lemma wCSP_prod:
  fixes V :: "'i \<Rightarrow> 'b::ab_group_add set" and sc :: "'i \<Rightarrow> 'k::real_normed_field \<Rightarrow> 'b \<Rightarrow> 'b"
  assumes p: "1 \<le> p" and I: "countable I" and lcs: "\<forall>i\<in>I. lcs (sc i) (V i) (P i)"
    and wCSP: "\<forall>i\<in>I. wCSP p (sc i) (V i) (P i)"
  shows "wCSP p (fam_sc I sc) (prod_V I V) (prod_P I P)"
  unfolding wCSP_def
proof (intro allI impI)
  interpret coordinate_lcs I sc V P "prod_V I V" "prod_P I P" by (rule coordinate_lcs_prod[OF lcs])
  fix x :: "nat \<Rightarrow> 'i \<Rightarrow> 'b"
  assume x: "(\<forall>n. x n \<in> prod_V I V) \<and> lcs_bounded (prod_P I P) (range x)"
  obtain r where r: "strict_mono r" "\<And>i. i \<in> I \<Longrightarrow> weakly_p_Cauchy p (sc i) (V i) (P i) (\<lambda>n. x (r n) i)"
  proof (rule diagonal_weakly_p_Cauchy_subseq[OF I])
    show "lin_space (sc i) (V i)" if "i \<in> I" for i using component_lin_space that .
    show "wCSP p (sc i) (V i) (P i)" if "i \<in> I" for i using wCSP that by blast
    show "x n i \<in> V i" if "i \<in> I" for i n using coordinate_mem x that by blast
    show "lcs_bounded (P i) (range (\<lambda>n. x n i))" if "i \<in> I" for i using bounded_coordinate x that by blast
  qed (rule that)
  have "weakly_p_Cauchy p (fam_sc I sc) (prod_V I V) (prod_P I P) (x \<circ> r)"
  proof (rule weakly_p_Cauchy_of_coordinates[OF p])
    show "\<forall>n. (x \<circ> r) n \<in> prod_V I V" using x by simp
    show "\<forall>i\<in>I. weakly_p_Cauchy p (sc i) (V i) (P i) (\<lambda>n. (x \<circ> r) n i)" using r(2) by simp
    show "\<forall>f\<in>dual (fam_sc I sc) (prod_V I V) (prod_P I P). \<exists>J\<subseteq>I. finite J \<and>
        (\<forall>n m. f (zero_on J ((x \<circ> r) n - (x \<circ> r) m)) = 0)"
    proof
      fix f assume "f \<in> dual (fam_sc I sc) (prod_V I V) (prod_P I P)"
      then obtain J where "J \<subseteq> I" "finite J" "\<forall>z\<in>prod_V I V. f (zero_on J z) = 0"
        by (rule dual_prod_finite_dependence[OF lcs])
      moreover have "(x \<circ> r) n - (x \<circ> r) m \<in> prod_V I V" for n m
        using lin_space_diff[OF lin_space] x by simp
      ultimately show "\<exists>J\<subseteq>I. finite J \<and> (\<forall>n m. f (zero_on J ((x \<circ> r) n - (x \<circ> r) m)) = 0)"
        by blast
    qed
  qed
  then show "\<exists>r. strict_mono r \<and> weakly_p_Cauchy p (fam_sc I sc) (prod_V I V) (prod_P I P) (x \<circ> r)"
    using r(1) by blast
qed

subsection \<open>Locally convex direct sums\<close>

lemma lin_space_subspace:
  assumes "lin_space sc V" "U \<subseteq> V" "0 \<in> U" "\<forall>x\<in>U. \<forall>y\<in>U. x + y \<in> U" "\<forall>c. \<forall>x\<in>U. sc c x \<in> U"
  shows "lin_space sc U"
  using assms unfolding lin_space_def by blast

lemma lin_space_sum_V:
  assumes lin: "\<forall>i\<in>I. lin_space (sc i) (W i)" shows "lin_space (fam_sc I sc) (sum_V I W)"
proof (rule lin_space_subspace[OF lin_space_prod_V[OF lin]])
  have "lin_space (fam_sc I sc) (prod_V I W)" using lin by (rule lin_space_prod_V)
  then show "0 \<in> sum_V I W" unfolding sum_V_def lin_space_def by simp
  show "\<forall>x\<in>sum_V I W. \<forall>y\<in>sum_V I W. x + y \<in> sum_V I W"
  proof (intro ballI)
    fix x y assume "x \<in> sum_V I W" "y \<in> sum_V I W"
    moreover have "{i. (x + y) i \<noteq> 0} \<subseteq> {i. x i \<noteq> 0} \<union> {i. y i \<noteq> 0}" by auto
    ultimately show "x + y \<in> sum_V I W"
      using \<open>lin_space _ (prod_V I W)\<close> unfolding sum_V_def lin_space_def by (auto intro: finite_subset)
  qed
  show "\<forall>c. \<forall>x\<in>sum_V I W. fam_sc I sc c x \<in> sum_V I W"
  proof (intro allI ballI)
    fix c x assume "x \<in> sum_V I W"
    moreover have "{i. fam_sc I sc c x i \<noteq> 0} \<subseteq> {i. x i \<noteq> 0}"
      using lin lin_space_scale_zero_right[of "sc _"] unfolding fam_sc_def by auto
    ultimately show "fam_sc I sc c x \<in> sum_V I W"
      using \<open>lin_space _ (prod_V I W)\<close> unfolding sum_V_def lin_space_def by (auto intro: finite_subset)
  qed
qed (auto simp: sum_V_def)

lemma mem_sum_P_iff:
  "q \<in> sum_P I sc W Q \<longleftrightarrow> seminorm_on (fam_sc I sc) (sum_V I W) q
     \<and> (\<forall>i\<in>I. dominated_by (Q i) (W i) (\<lambda>v. q (inj_sum i v)))"
  unfolding sum_P_def dominated_by_def by blast

lemma coordinate_mem_sum_P:
  assumes lcs: "\<forall>i\<in>I. lcs (sc i) (W i) (Q i)" and i: "i \<in> I" and q: "q \<in> Q i"
  shows "(\<lambda>z. q (z i)) \<in> sum_P I sc W Q"
  unfolding mem_sum_P_iff
proof
  show "seminorm_on (fam_sc I sc) (sum_V I W) (\<lambda>z. q (z i))"
    using lcs i q unfolding sum_V_def lcs_def by (intro seminorm_on_coordinate[OF i]) auto
  have "q 0 = 0" using lcs_seminorm_zero lcs i q by blast
  show "\<forall>j\<in>I. dominated_by (Q j) (W j) (\<lambda>v. q (inj_sum j v i))"
  proof
    fix j assume "j \<in> I"
    show "dominated_by (Q j) (W j) (\<lambda>v. q (inj_sum j v i))"
    proof (cases "j = i")
      case True
      then show ?thesis using q dominated_by_mem by (simp add: inj_sum_def)
    next
      case False
      then show ?thesis using \<open>q 0 = 0\<close> by (intro dominated_by_nonpos) (simp add: inj_sum_def)
    qed
  qed
qed

lemma coordinate_lcs_sum:
  assumes lcs: "\<forall>i\<in>I. lcs (sc i) (W i) (Q i)"
  shows "coordinate_lcs I sc W Q (sum_V I W) (sum_P I sc W Q)"
proof
  have lin: "\<forall>i\<in>I. lin_space (sc i) (W i)" using lcs unfolding lcs_def by blast
  then have zero: "0 \<in> W i" if "i \<in> I" for i using that unfolding lin_space_def by blast
  show "lcs (sc i) (W i) (Q i)" if "i \<in> I" for i using lcs that by blast
  show "lin_space (fam_sc I sc) (sum_V I W)" using lin by (rule lin_space_sum_V)
  show "sum_V I W \<subseteq> prod_V I W" unfolding sum_V_def by blast
  show "inj_sum i v \<in> sum_V I W" if "i \<in> I" "v \<in> W i" for i v
  proof -
    have "{j. inj_sum i v j \<noteq> 0} \<subseteq> {i}" by (auto simp: inj_sum_def)
    then show ?thesis using that zero finite_subset unfolding sum_V_def prod_V_def inj_sum_def by auto
  qed
  show "zero_on J z \<in> sum_V I W" if "z \<in> sum_V I W" for J z
  proof -
    have "{i. zero_on J z i \<noteq> 0} \<subseteq> {i. z i \<noteq> 0}" by (auto simp: zero_on_def)
    then have "finite {i. zero_on J z i \<noteq> 0}" using that finite_subset unfolding sum_V_def by blast
    then show ?thesis using that zero unfolding sum_V_def prod_V_def zero_on_def by auto
  qed
  show "seminorm_on (fam_sc I sc) (sum_V I W) q" if "q \<in> sum_P I sc W Q" for q
    using that unfolding mem_sum_P_iff by blast
  show "dominated_by (Q i) (W i) (\<lambda>v. q (inj_sum i v))" if "i \<in> I" "q \<in> sum_P I sc W Q" for i q
    using that unfolding mem_sum_P_iff by blast
  show "(\<lambda>z. q (z i)) \<in> sum_P I sc W Q" if "i \<in> I" "q \<in> Q i" for i q
    using lcs that by (rule coordinate_mem_sum_P)
qed

definition weighted_seminorm ::
    "(nat \<Rightarrow> 'i) \<Rightarrow> (nat \<Rightarrow> real) \<Rightarrow> (nat \<Rightarrow> 'b::zero \<Rightarrow> real) \<Rightarrow> ('i \<Rightarrow> 'b) \<Rightarrow> real" where
  "weighted_seminorm \<iota> c q z = (\<Sum>k | z (\<iota> k) \<noteq> 0. c k * q k (z (\<iota> k)))"

lemma weighted_seminorm_eq_sum:
  assumes "finite K" "{k. z (\<iota> k) \<noteq> 0} \<subseteq> K" "\<And>k. q k 0 = 0"
  shows "weighted_seminorm \<iota> c q z = (\<Sum>k\<in>K. c k * q k (z (\<iota> k)))"
  unfolding weighted_seminorm_def by (rule sum.mono_neutral_left) (use assms in auto)

lemma finite_support_inj:
  assumes "inj \<iota>" "z \<in> sum_V I W" shows "finite {k. z (\<iota> k) \<noteq> 0}"
proof -
  have "finite (\<iota> -` {i. z i \<noteq> 0})" using assms unfolding sum_V_def by (intro finite_vimageI) auto
  then show ?thesis by (simp add: vimage_def)
qed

_Exercise description_. All lines of the material that contain the string "lambda" are to be copied.

_Result below_.
  obtain r where r: "strict_mono r" "\<And>i. i \<in> I \<Longrightarrow> weakly_p_Cauchy p (sc i) (V i) (P i) (\<lambda>n. x (r n) i)"
    show "lcs_bounded (P i) (range (\<lambda>n. x n i))" if "i \<in> I" for i using bounded_coordinate x that by blast
    show "\<forall>i\<in>I. weakly_p_Cauchy p (sc i) (V i) (P i) (\<lambda>n. (x \<circ> r) n i)" using r(2) by simp
     \<and> (\<forall>i\<in>I. dominated_by (Q i) (W i) (\<lambda>v. q (inj_sum i v)))"
  shows "(\<lambda>z. q (z i)) \<in> sum_P I sc W Q"
  show "seminorm_on (fam_sc I sc) (sum_V I W) (\<lambda>z. q (z i))"
  show "\<forall>j\<in>I. dominated_by (Q j) (W j) (\<lambda>v. q (inj_sum j v i))"
    show "dominated_by (Q j) (W j) (\<lambda>v. q (inj_sum j v i))"
  show "dominated_by (Q i) (W i) (\<lambda>v. q (inj_sum i v))" if "i \<in> I" "q \<in> sum_P I sc W Q" for i q
  show "(\<lambda>z. q (z i)) \<in> sum_P I sc W Q" if "i \<in> I" "q \<in> Q i" for i q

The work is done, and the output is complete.